(* Consider the coupling process described in the context, run on a hypergraph colouring instance with pinnings $(H,\mathcal P)$, $H=(V,\mathcal E)$, with integer parameters $0<k_2<k_1\le k$ such that $k_1\le|e|\le k$ for all $e\in\mathcal E$, a vertex $v$ and distinct colours $c_1,c_2$. Then: (1) every coloured vertex is in $V_1$ or adjacent to $V_1$, i.e. $V_{\mathrm{col}}\subseteq\Gamma_{\mathrm{ver}}(V_1)$ at the end of the process; (2) the distributions of the output partial colourings $X$ and $Y$ are pre-Gibbs with respect to $\mu_{\mathcal C_1}$ and $\mu_{\mathcal C_2}$ respectively.
   Context: A hypergraph colouring instance with pinnings is a pair $(H,\mathcal P)$ where $H=(V,\mathcal E)$ is a hypergraph and $\mathcal P=\{P_e\subseteq[q]:e\in\mathcal E\}$; a colouring $\sigma\in[q]^V$ is proper if $|\{\sigma(u):u\in e\}\cup P_e|>1$ for all $e$. A partial colouring is an element of $([q]\cup\{-\})^V$, where $-$ means uncoloured; a full colouring $\sigma$ is consistent with a partial colouring $X$ (written $\sigma\models X$) if they agree on all vertices coloured by $X$. $\mathcal C_X$ is the set of proper colourings consistent with $X$, $\mu_{\mathcal C'}$ denotes the uniform distribution on a set $\mathcal C'$, and $\mathcal C_i$ ($i=1,2$) is the set of proper colourings with $v$ coloured $c_i$. For a set $\mathcal C'$ of proper colourings, a distribution $\mu$ on partial colourings is pre-Gibbs with respect to $\mu_{\mathcal C'}$ if for every $\sigma\in\mathcal C'$, $\mu_{\mathcal C'}(\sigma)=\sum_{\sigma':\sigma\models\sigma'}\mu(\sigma')\,\mu_{\mathcal C'}(\sigma\mid\sigma')$. The marginal distribution at a vertex $u$ conditioned on a partial colouring $X$ is the law of $\sigma(u)$ for $\sigma$ uniform in $\mathcal C_X$. A partial colouring $X$ satisfies a hyperedge $e$ if the colours of the coloured vertices of $e$ together with $P_e$ contain at least two distinct colours. For $u\in V$, $\Gamma_{\mathrm{ver}}(u)=\{w:\exists e\in\mathcal E,\{u,w\}\subseteq e\}\cup\{u\}$ (with $\mathcal E$ the original hyperedge set) and $\Gamma_{\mathrm{ver}}(U)=\bigcup_{u\in U}\Gamma_{\mathrm{ver}}(u)$. The coupling process: fix arbitrary orderings of vertices and hyperedges. Let $X_0$ ($Y_0$) colour $v$ with $c_1$ ($c_2$) and leave all else uncoloured. Initialise $V_1=\{v\}$, $V_2=V\setminus V_1$, $V_{\mathrm{col}}=\{v\}$, $X=X_0$, $Y=Y_0$, and a working copy $\mathcal E'$ of $\mathcal E$. While some $e\in\mathcal E'$ meets both $V_1$ and $V_2$: let $e$ be the first such hyperedge and $u$ the first vertex of $e\cap V_2$; sample $(c_x,c_y)$ from a maximal coupling of the marginal distribution at $u$ conditioned on $X$ and the marginal at $u$ conditioned on $Y$; colour $u$ by $c_x$ in $X$ and by $c_y$ in $Y$; add $u$ to $V_{\mathrm{col}}$; if $c_x\ne c_y$, move $u$ from $V_2$ to $V_1$; remove from $\mathcal E'$ every hyperedge containing $u$ that is satisfied by both $X$ and $Y$; then for every hyperedge $e'\in\mathcal E'$ containing $u$ with $e'\cap V_1\ne\emptyset$, $e'\cap V_2\neq\emptyset$ and $|e'\cap V_{\mathrm{col}}|=k_2$, set $V_1\leftarrow V_1\cup(e'\setminus V_{\mathrm{col}})$, $V_2\leftarrow V\setminus V_1$ and remove $e'$ from $\mathcal E'$. The output is $V_{\mathrm{col}}$, the partition $V_1\sqcup V_2=V$, and the partial colourings $X,Y$ defined on $V_{\mathrm{col}}$. *)

theory Defs
  imports "HOL-Probability.Probability"
begin

text \<open>Hypergraph H = (V, E): hyperedges are indices e in E with vertex sets verts e;
  pinnings are pin e (a subset of the colours {1..q}).  Full colourings are functions
  'v => nat, with colours in {1..q} on V and value 0 (irrelevant) outside V.\<close>

type_synonym 'v pcol = "'v \<Rightarrow> nat option"
type_synonym ('v, 'e) cstate = "'v set \<times> 'v set \<times> 'v pcol \<times> 'v pcol \<times> 'e set"
  \<comment> \<open>(V1, Vcol, X, Y, E') ; V2 is always V - V1\<close>

definition colourings :: "'v set \<Rightarrow> nat \<Rightarrow> ('v \<Rightarrow> nat) set" where
  "colourings V q = {\<sigma>. (\<forall>u\<in>V. \<sigma> u \<in> {1..q}) \<and> (\<forall>u. u \<notin> V \<longrightarrow> \<sigma> u = 0)}"

definition proper :: "'e set \<Rightarrow> ('e \<Rightarrow> 'v set) \<Rightarrow> ('e \<Rightarrow> nat set) \<Rightarrow> ('v \<Rightarrow> nat) \<Rightarrow> bool" where
  "proper E verts pin \<sigma> = (\<forall>e\<in>E. card (\<sigma> ` verts e \<union> pin e) > 1)"

definition proper_colourings ::
  "'v set \<Rightarrow> 'e set \<Rightarrow> ('e \<Rightarrow> 'v set) \<Rightarrow> ('e \<Rightarrow> nat set) \<Rightarrow> nat \<Rightarrow> ('v \<Rightarrow> nat) set" where
  "proper_colourings V E verts pin q = {\<sigma> \<in> colourings V q. proper E verts pin \<sigma>}"

definition consistent :: "('v \<Rightarrow> nat) \<Rightarrow> 'v pcol \<Rightarrow> bool" where
  "consistent \<sigma> X = (\<forall>u c. X u = Some c \<longrightarrow> \<sigma> u = c)"

definition CX ::
  "'v set \<Rightarrow> 'e set \<Rightarrow> ('e \<Rightarrow> 'v set) \<Rightarrow> ('e \<Rightarrow> nat set) \<Rightarrow> nat \<Rightarrow> 'v pcol \<Rightarrow> ('v \<Rightarrow> nat) set" where
  "CX V E verts pin q X = {\<sigma> \<in> proper_colourings V E verts pin q. consistent \<sigma> X}"

definition Cfix ::
  "'v set \<Rightarrow> 'e set \<Rightarrow> ('e \<Rightarrow> 'v set) \<Rightarrow> ('e \<Rightarrow> nat set) \<Rightarrow> nat \<Rightarrow> 'v \<Rightarrow> nat \<Rightarrow> ('v \<Rightarrow> nat) set" where
  "Cfix V E verts pin q v c = {\<sigma> \<in> proper_colourings V E verts pin q. \<sigma> v = c}"

definition marginal ::
  "'v set \<Rightarrow> 'e set \<Rightarrow> ('e \<Rightarrow> 'v set) \<Rightarrow> ('e \<Rightarrow> nat set) \<Rightarrow> nat \<Rightarrow> 'v pcol \<Rightarrow> 'v \<Rightarrow> nat pmf" where
  "marginal V E verts pin q X u = map_pmf (\<lambda>\<sigma>. \<sigma> u) (pmf_of_set (CX V E verts pin q X))"

definition pre_Gibbs :: "'v pcol pmf \<Rightarrow> ('v \<Rightarrow> nat) set \<Rightarrow> bool" where
  "pre_Gibbs \<mu> C' = (\<forall>\<sigma>\<in>C'. pmf (pmf_of_set C') \<sigma> =
      (\<Sum>\<^sub>\<infinity>\<sigma>' \<in> {\<sigma>'. consistent \<sigma> \<sigma>'}.
          pmf \<mu> \<sigma>' * pmf (cond_pmf (pmf_of_set C') {\<tau>. consistent \<tau> \<sigma>'}) \<sigma>))"

definition is_coupling :: "('a \<times> 'b) pmf \<Rightarrow> 'a pmf \<Rightarrow> 'b pmf \<Rightarrow> bool" where
  "is_coupling r p p' = (map_pmf fst r = p \<and> map_pmf snd r = p')"

definition maximal_coupling :: "('a \<times> 'a) pmf \<Rightarrow> 'a pmf \<Rightarrow> 'a pmf \<Rightarrow> bool" where
  "maximal_coupling r p p' = (is_coupling r p p' \<and>
     (\<forall>r'. is_coupling r' p p' \<longrightarrow>
        measure_pmf.prob r {(a, b). a \<noteq> b} \<le> measure_pmf.prob r' {(a, b). a \<noteq> b}))"

definition satisfies :: "('e \<Rightarrow> 'v set) \<Rightarrow> ('e \<Rightarrow> nat set) \<Rightarrow> 'v pcol \<Rightarrow> 'e \<Rightarrow> bool" where
  "satisfies verts pin X e = (card ({c. \<exists>w\<in>verts e. X w = Some c} \<union> pin e) \<ge> 2)"

definition Gamma_ver :: "'e set \<Rightarrow> ('e \<Rightarrow> 'v set) \<Rightarrow> 'v set \<Rightarrow> 'v set" where
  "Gamma_ver E verts U = (\<Union>u\<in>U. {w. \<exists>e\<in>E. u \<in> verts e \<and> w \<in> verts e} \<union> {u})"

definition first_of :: "'a list \<Rightarrow> 'a set \<Rightarrow> 'a" where
  "first_of xs S = hd (filter (\<lambda>x. x \<in> S) xs)"

definition crossing :: "'v set \<Rightarrow> ('e \<Rightarrow> 'v set) \<Rightarrow> 'v set \<Rightarrow> 'e \<Rightarrow> bool" where
  "crossing V verts V1 e = (verts e \<inter> V1 \<noteq> {} \<and> verts e \<inter> (V - V1) \<noteq> {})"

text \<open>One iteration of the while loop (identity once the loop condition fails).
  The chosen vertex u is the first UNCOLOURED vertex of e \<inter> V2;
  if there is none, e is discarded from E'.  The final "for every hyperedge e'" loop
  is performed in the fixed hyperedge order es.\<close>
definition coupling_step ::
  "'v set \<Rightarrow> 'e set \<Rightarrow> ('e \<Rightarrow> 'v set) \<Rightarrow> ('e \<Rightarrow> nat set) \<Rightarrow> nat \<Rightarrow> nat \<Rightarrow> 'v list \<Rightarrow> 'e list \<Rightarrow>
   ('v pcol \<Rightarrow> 'v pcol \<Rightarrow> 'v \<Rightarrow> (nat \<times> nat) pmf) \<Rightarrow> ('v, 'e) cstate \<Rightarrow> ('v, 'e) cstate pmf" where
  "coupling_step V E verts pin q k2 vs es coup s =
    (case s of (V1, Vcol, X, Y, E') \<Rightarrow>
      if \<not> (\<exists>e\<in>E'. crossing V verts V1 e) then return_pmf s
      else
        let e = first_of es {e \<in> E'. crossing V verts V1 e};
            U = verts e \<inter> (V - V1) - Vcol
        in if U = {} then return_pmf (V1, Vcol, X, Y, E' - {e})
        else
          let u = first_of vs U
          in map_pmf (\<lambda>(cx, cy).
               let X' = X(u := Some cx);
                   Y' = Y(u := Some cy);
                   Vcol' = insert u Vcol;
                   V1' = (if cx \<noteq> cy then insert u V1 else V1);
                   E1 = E' - {e'. u \<in> verts e' \<and> satisfies verts pin X' e' \<and> satisfies verts pin Y' e'};
                   (V1'', E2) = fold (\<lambda>e' (A, F).
                        if e' \<in> F \<and> u \<in> verts e' \<and> crossing V verts A e' \<and> card (verts e' \<inter> Vcol') = k2
                        then (A \<union> (verts e' - Vcol'), F - {e'}) else (A, F)) es (V1', E1)
               in (V1'', Vcol', X', Y', E2))
             (coup X Y u))"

- **Task goal**
The lines to copy run from the one containing "if e' \<in>" through the last line above. Copy them exactly and include nothing else.

- **Exercise answer**
                        if e' \<in> F \<and> u \<in> verts e' \<and> crossing V verts A e' \<and> card (verts e' \<inter> Vcol') = k2
                        then (A \<union> (verts e' - Vcol'), F - {e'}) else (A, F)) es (V1', E1)
               in (V1'', Vcol', X', Y', E2))
             (coup X Y u))"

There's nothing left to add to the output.